Saturday, October 20, 2007

Utah School Vouchers

This is an unorganized post of me trying to think my way through the whole school voucher debate. Currently I'm undecided, so I should be relatively neutral. (Although if they keep running those stupid anti-voucher adds all the time I'm going to vote FOR the vouchers) here's my areas of research:

Why would vouchers hurt schools?
The voucher money isn't coming from the general education fund.(1)
How do schools get money in the first place?

What happens now if a child goes to a private school? If a child is home schooled?
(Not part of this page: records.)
(* Let $n\ge2$, $d\ge1$, $k\ge1$, let $V\in\mathcal{C}^{k+1}(\mathbb{R}^d,\mathbb{R})$, and let $u:(0,+\infty)\to\mathbb{R}^d$ be a global solution of $\ddot u(r)=-\frac{n-1}{r}\dot u(r)+\nabla V(u(r))$ such that $u(r)\to u_\infty$ as $r\to+\infty$ for some $u_\infty\in\mathbb{R}^d$ with $\nabla V(u_\infty)=0$ and $D^2V(u_\infty)$ positive definite. Then $\dot u(r)\to0$ as $r\to+\infty$. *)

theory Defs
  imports "HOL-Analysis.Analysis"
begin

fun Cm :: "nat \<Rightarrow> ('a::euclidean_space \<Rightarrow> real) \<Rightarrow> bool" where
  "Cm 0 f = continuous_on UNIV f"
| "Cm (Suc m) f = (f differentiable_on UNIV \<and>
      (\<forall>i\<in>Basis. Cm m (\<lambda>x. frechet_derivative f (at x) i)))"

definition grad :: "('a::euclidean_space \<Rightarrow> real) \<Rightarrow> 'a \<Rightarrow> 'a" where
  "grad V x = (\<Sum>i\<in>Basis. frechet_derivative V (at x) i *\<^sub>R i)"

definition hess :: "('a::euclidean_space \<Rightarrow> real) \<Rightarrow> 'a \<Rightarrow> 'a \<Rightarrow> 'a \<Rightarrow> real" where
  "hess V x h k = frechet_derivative (\<lambda>y. frechet_derivative V (at y) h) (at x) k"

definition pos_def_form :: "('a::real_vector \<Rightarrow> 'a \<Rightarrow> real) \<Rightarrow> bool" where
  "pos_def_form B = (\<forall>h. h \<noteq> 0 \<longrightarrow> B h h > 0)"

end

theory Submission
  imports Defs
begin

text \<open>Write \<open>w = u'\<close> and \<open>g(r) = \<nabla>V(u(r))\<close>, so that \<open>w' = -(m/r) w + g\<close> with \<open>m = n - 1\<close>,
  and \<open>g(r) \<rightarrow> 0\<close> because \<open>u(r) \<rightarrow> u\<^sub>\<infinity>\<close> and \<open>\<nabla>V(u\<^sub>\<infinity>) = 0\<close>. The integrating factor
  gives \<open>(r\<^sup>m w)' = r\<^sup>m g\<close>, so on a unit interval \<open>[s, s+1]\<close> with \<open>|g| \<le> \<epsilon>\<close> the speed can grow
  by at most \<open>2\<^sup>m \<epsilon>\<close>, and hence \<open>w\<close> varies by at most \<open>B = (m/s)(|w(s)| + 2\<^sup>m \<epsilon>) + \<epsilon>\<close>.
  Comparing with \<open>u(s+1) - u(s) \<rightarrow> 0\<close> yields
  \<open>|w(s)| \<le> |u(s+1) - u(s)| + (m/s)(|w(s)| + 2\<^sup>m \<epsilon>) + \<epsilon>\<close>, and for \<open>s \<ge> 2m\<close> the term
  \<open>(m/s)|w(s)|\<close> is absorbed into the left-hand side.\<close>

lemma Cm_imp_continuous_on: "Cm m f \<Longrightarrow> continuous_on UNIV f"
  by (cases m) (auto intro: differentiable_imp_continuous_on)

lemma continuous_on_grad:
  assumes "Cm (Suc m) V"
  shows "continuous_on UNIV (grad V)"
proof -
  have "continuous_on UNIV (\<lambda>x. frechet_derivative V (at x) i)" if "i \<in> Basis" for i
    using assms that by (auto intro: Cm_imp_continuous_on)
  then show ?thesis
    unfolding grad_def[abs_def] by (intro continuous_intros) auto
qed

lemma norm_diff_le_of_vector_derivative_bound:
  fixes f :: "real \<Rightarrow> 'b::real_normed_vector"
  assumes "a \<le> b"
    and deriv: "\<And>x. x \<in> {a..b} \<Longrightarrow> (f has_vector_derivative f' x) (at x)"
    and bound: "\<And>x. x \<in> {a..b} \<Longrightarrow> norm (f' x) \<le> C"
  shows "norm (f b - f a) \<le> C * (b - a)"
proof (cases "a = b")
  case False
  with \<open>a \<le> b\<close> have "a < b" by simp
  have "continuous_on {a..b} f"
    using deriv has_vector_derivative_continuous by (blast intro: continuous_at_imp_continuous_on)
  then have "norm (f b - f a) \<le> C * b - C * a"
    by (rule differentiable_bound_general[OF \<open>a < b\<close> _ _ deriv, of "\<lambda>x. C * x" "\<lambda>_. C"])
      (auto intro!: continuous_intros derivative_eq_intros bound
        simp: has_real_derivative_iff_has_vector_derivative[symmetric])
  then show ?thesis by (simp add: algebra_simps)
qed simp

lemma radial_ode_integrating_factor:
  fixes w g :: "real \<Rightarrow> 'a::real_normed_vector"
  assumes "x > 0"
    and "(w has_vector_derivative (- (real m / x) *\<^sub>R w x + g x)) (at x)"
  shows "((\<lambda>r. r ^ m *\<^sub>R w r) has_vector_derivative x ^ m *\<^sub>R g x) (at x)"
proof -
  have "x ^ m * (real m / x) = real m * x ^ (m - 1)"
    using \<open>x > 0\<close> by (cases m) auto
  then have "x ^ m *\<^sub>R (- (real m / x) *\<^sub>R w x + g x) + (real m * x ^ (m - 1)) *\<^sub>R w x
      = x ^ m *\<^sub>R g x"
    by (simp add: algebra_simps)
  with has_vector_derivative_scaleR[OF DERIV_pow[of m] assms(2)] show ?thesis
    by simp
qed

lemma radial_ode_norm_le:
  fixes w g :: "real \<Rightarrow> 'a::real_normed_vector"
  assumes "1 \<le> s" "s \<le> t" "t \<le> s + 1"
    and deriv: "\<And>x. x \<in> {s..t} \<Longrightarrow>
      (w has_vector_derivative (- (real m / x) *\<^sub>R w x + g x)) (at x)"
    and small: "\<And>x. x \<in> {s..t} \<Longrightarrow> norm (g x) \<le> \<epsilon>"
  shows "norm (w t) \<le> norm (w s) + 2 ^ m * \<epsilon>"
proof -
  have "\<epsilon> \<ge> 0" using small[of s] assms(2) by (auto intro: order_trans[OF norm_ge_zero])
  have "norm (t ^ m *\<^sub>R w t - s ^ m *\<^sub>R w s) \<le> ((s + 1) ^ m * \<epsilon>) * (t - s)"
  proof (rule norm_diff_le_of_vector_derivative_bound)
    fix x assume x: "x \<in> {s..t}"
    then show "((\<lambda>r. r ^ m *\<^sub>R w r) has_vector_derivative x ^ m *\<^sub>R g x) (at x)"
      using \<open>1 \<le> s\<close> by (intro radial_ode_integrating_factor deriv) auto
    have "norm (x ^ m *\<^sub>R g x) = x ^ m * norm (g x)" using x \<open>1 \<le> s\<close> by simp
    also have "\<dots> \<le> (s + 1) ^ m * \<epsilon>"
      using x assms small[OF x] by (intro mult_mono power_mono) auto
    finally show "norm (x ^ m *\<^sub>R g x) \<le> (s + 1) ^ m * \<epsilon>" .
  qed fact
  also have "\<dots> \<le> (s + 1) ^ m * \<epsilon>"
    using assms \<open>\<epsilon> \<ge> 0\<close> by (intro mult_left_le) auto
  finally have "t ^ m * norm (w t) \<le> s ^ m * norm (w s) + (s + 1) ^ m * \<epsilon>"
    using assms by (auto dest: order_trans[OF norm_triangle_ineq2])
  also have "\<dots> \<le> t ^ m * norm (w s) + (2 * t) ^ m * \<epsilon>"
    using assms \<open>\<epsilon> \<ge> 0\<close> by (intro add_mono mult_right_mono power_mono) auto
  also have "\<dots> = t ^ m * (norm (w s) + 2 ^ m * \<epsilon>)"
    by (simp add: power_mult_distrib algebra_simps)
  finally show ?thesis
    using assms by simp
qed

lemma radial_ode_speed_estimate:
  fixes u w g :: "real \<Rightarrow> 'a::real_normed_vector"
  assumes "1 \<le> s"
    and deriv_u: "\<And>x. x \<in> {s..s+1} \<Longrightarrow> (u has_vector_derivative w x) (at x)"
    and deriv_w: "\<And>x. x \<in> {s..s+1} \<Longrightarrow>
      (w has_vector_derivative (- (real m / x) *\<^sub>R w x + g x)) (at x)"
    and small: "\<And>x. x \<in> {s..s+1} \<Longrightarrow> norm (g x) \<le> \<epsilon>"
  shows "norm (w s) \<le> norm (u (s + 1) - u s) + real m / s * (norm (w s) + 2 ^ m * \<epsilon>) + \<epsilon>"
proof -
  define B where "B = real m / s * (norm (w s) + 2 ^ m * \<epsilon>) + \<epsilon>"
  have w_le: "norm (w x) \<le> norm (w s) + 2 ^ m * \<epsilon>" if "x \<in> {s..s+1}" for x
    using that \<open>1 \<le> s\<close> by (intro radial_ode_norm_le[where g = g] deriv_w small) auto
  have dw_le: "norm (- (real m / x) *\<^sub>R w x + g x) \<le> B" if x: "x \<in> {s..s+1}" for x
  proof -
    have "real m / x \<le> real m / s" using x \<open>1 \<le> s\<close> by (intro divide_left_mono) auto
    then have "real m / x * norm (w x) \<le> real m / s * (norm (w s) + 2 ^ m * \<epsilon>)"
      using w_le[OF x] x \<open>1 \<le> s\<close> by (intro mult_mono) auto
    moreover have "norm (- (real m / x) *\<^sub>R w x) = real m / x * norm (w x)"
      using x \<open>1 \<le> s\<close> by simp
    ultimately show ?thesis
      using small[OF x] norm_triangle_ineq[of "- (real m / x) *\<^sub>R w x" "g x"]
      unfolding B_def by linarith
  qed
  have "norm (w x - w s) \<le> B" if x: "x \<in> {s..s+1}" for x
  proof -
    have "norm (w x - w s) \<le> B * (x - s)"
      using x \<open>1 \<le> s\<close> deriv_w dw_le
      by (intro norm_diff_le_of_vector_derivative_bound[where f' = "\<lambda>x. - (real m / x) *\<^sub>R w x + g x"]) auto
    also have "\<dots> \<le> B"
      using x dw_le[of s] \<open>1 \<le> s\<close> by (intro mult_left_le) (auto intro: order_trans[OF norm_ge_zero])
    finally show ?thesis .
  qed
  then have "norm (u (s + 1) - u s - ((s + 1) - s) *\<^sub>R w s) \<le> norm ((s + 1) - s) * B"
    using deriv_u \<open>1 \<le> s\<close>
    by (intro vector_differentiable_bound_linearization[where S = "{s..s+1}"])
      (auto intro: has_vector_derivative_at_within simp: closed_segment_eq_real_ivl)
  then have "norm (u (s + 1) - u s - w s) \<le> B" by simp
  then show ?thesis
    unfolding B_def by (smt (verit) norm_triangle_ineq2 norm_minus_commute)
qed

lemma radial_ode_speed_tendsto_zero:
  fixes u w g :: "real \<Rightarrow> 'a::real_normed_vector"
  assumes deriv_u: "\<And>r. r > 0 \<Longrightarrow> (u has_vector_derivative w r) (at r)"
    and deriv_w: "\<And>r. r > 0 \<Longrightarrow>
      (w has_vector_derivative (- (real m / r) *\<^sub>R w r + g r)) (at r)"
    and "(g \<longlongrightarrow> 0) at_top" and "(u \<longlongrightarrow> L) at_top"
  shows "(w \<longlongrightarrow> 0) at_top"
proof (rule tendstoI)
  fix e :: real assume "e > 0"
  define K :: real where "K = 2 ^ m + 2"
  define \<epsilon> where "\<epsilon> = e / 2 / K"
  have "K > 0" by (simp add: K_def add_pos_pos)
  then have "\<epsilon> > 0" and "K * \<epsilon> = e / 2"
    using \<open>e > 0\<close> by (simp_all add: \<epsilon>_def)
  have "((\<lambda>s. u (s + 1)) \<longlongrightarrow> L) at_top"
    using filterlim_tendsto_add_at_top[OF tendsto_const filterlim_ident, of 1]
    by (auto simp: add.commute intro: filterlim_compose[OF \<open>(u \<longlongrightarrow> L) at_top\<close>])
  then have increment: "((\<lambda>s. u (s + 1) - u s) \<longlongrightarrow> 0) at_top"
    using tendsto_diff[OF _ \<open>(u \<longlongrightarrow> L) at_top\<close>] by fastforce
  have "eventually (\<lambda>s. norm (u (s + 1) - u s) < e / 4) at_top"
    using tendstoD[OF increment, of "e / 4"] \<open>e > 0\<close> by (simp add: dist_norm)
  moreover have "eventually (\<lambda>s. \<forall>x\<ge>s. norm (g x) \<le> \<epsilon>) at_top"
    using tendstoD[OF \<open>(g \<longlongrightarrow> 0) at_top\<close> \<open>\<epsilon> > 0\<close>]
    by (intro eventually_all_ge_at_top) (auto elim: eventually_mono)
  moreover have "eventually (\<lambda>s. max 1 (2 * real m) \<le> s) at_top"
    by (rule eventually_ge_at_top)
  ultimately show "eventually (\<lambda>s. dist (w s) 0 < e) at_top"
  proof eventually_elim
    case (elim s)
    then have "1 \<le> s" and "real m / s \<le> 1 / 2" by (auto simp: field_simps)
    have "norm (w s) \<le> norm (u (s + 1) - u s) + real m / s * (norm (w s) + 2 ^ m * \<epsilon>) + \<epsilon>"
    proof (rule radial_ode_speed_estimate[OF \<open>1 \<le> s\<close>])
      fix x assume "x \<in> {s..s+1}"
      with \<open>1 \<le> s\<close> elim have "x > 0" and "norm (g x) \<le> \<epsilon>" by auto
      then show "(u has_vector_derivative w x) (at x)"
        and "(w has_vector_derivative (- (real m / x) *\<^sub>R w x + g x)) (at x)"
        and "norm (g x) \<le> \<epsilon>"
        by (simp_all only: deriv_u deriv_w)
    qed
    also have "\<dots> \<le> norm (u (s + 1) - u s) + 1 / 2 * (norm (w s) + 2 ^ m * \<epsilon>) + \<epsilon>"
      using \<open>real m / s \<le> 1 / 2\<close> \<open>\<epsilon> > 0\<close> by (intro add_mono mult_right_mono) auto
    finally have "norm (w s) \<le> 2 * norm (u (s + 1) - u s) + K * \<epsilon>"
      by (simp add: K_def algebra_simps)
    also have "\<dots> < e"
      using elim \<open>K * \<epsilon> = e / 2\<close> by linarith
    finally show ?case by simp
  qed
qed

theorem lemma2p1:
  fixes n k :: nat and V :: "'a::euclidean_space \<Rightarrow> real"
    and u u' :: "real \<Rightarrow> 'a" and u_inf :: 'a
  assumes "n \<ge> 2" and "k \<ge> 1"
    and "Cm (k + 1) V"
    and "\<And>r. r > 0 \<Longrightarrow> (u has_vector_derivative u' r) (at r)"
    and "\<And>r. r > 0 \<Longrightarrow>
           (u' has_vector_derivative (- ((real n - 1) / r) *\<^sub>R u' r + grad V (u r))) (at r)"
    and "(u \<longlongrightarrow> u_inf) at_top"
    and "grad V u_inf = 0"
    and "pos_def_form (hess V u_inf)"
  shows "(u' \<longlongrightarrow> 0) at_top"
proof (rule radial_ode_speed_tendsto_zero)
  have "isCont (grad V) u_inf"
    using continuous_on_grad[of k V] \<open>Cm (k + 1) V\<close> by (simp add: continuous_on_eq_continuous_at)
  then show "((\<lambda>r. grad V (u r)) \<longlongrightarrow> 0) at_top"
    using isCont_tendsto_compose[OF _ \<open>(u \<longlongrightarrow> u_inf) at_top\<close>] \<open>grad V u_inf = 0\<close> by fastforce
  show "(u' has_vector_derivative (- (real (n - 1) / r) *\<^sub>R u' r + grad V (u r))) (at r)"
    if "r > 0" for r
    using assms(5)[OF that] \<open>n \<ge> 2\<close> by (simp add: of_nat_diff)
qed fact+

end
How does this change with the vouchers?

If vouchers pass:
If, as a blog post I've seen seem to imply, that vouchers don't really help the poor, does that matter?
Yes, the voucher doesn't pay the full amount of tuition. It does pay part which means that people that were close to being able to pay can now pay.
How many children are currently enrolled in private schools? (I will assume that all of these will apply for vouchers.)
How many children go to private schools for a while (less than 5 years), then come back to public schools? or conversely, how many children go to private schools for their entire education? See, after five years, the public schools loose the extra money from the vouchers. If a child returns during that time, the school gets the full amount of money.
Will more people put their children in a private school now with the vouchers? Will home schoolers switch to private schools?
If they make vouchers and no one "new" switches to private schools then does it matter if the bill passes?
Is it constitutional that public money can go to religious schools?
The ACLU thinks this is wrong, but then, as the anti-voucher supports point out, a voucher won't cover the full cost of tuition. Does this mean that the public money can go to the public part of the education and the parent's money can be seen as paying for the religious part of the education? :)
If no one uses vouchers, is it better to have them to let people have a choice or is it better not to have them and reduce bureaucracy and cost to the state?

Most obnoxious claims
  • Vouchers will help reduce the burdon on public schools -- this bugs me. Since we have decided public schools are a good thing, it is up to the legislature to make sure all children can be educated and not push it off on private schools.
  • More than half of utah counties do not have access to private schools (2) - yes, but the majority of Utah's population is only in a few counties. Assuming that the counties that don't have private schools are also the least populus, those counties have a population of less than 15,000. Also, anti-vouchers shouldn't point this out because this means the arguement of "parents can already send their kids to private schools if they want" doesn't hold true in half of Utah's counties. Thus, vouchers wouldn't change anything in those counties, except maybe encourage a private school to start.

Thoughts


Useful facts:
The bill is HB 148
The ammendment is HB 174
Sources
  1. KSL's analysis of annoying adds.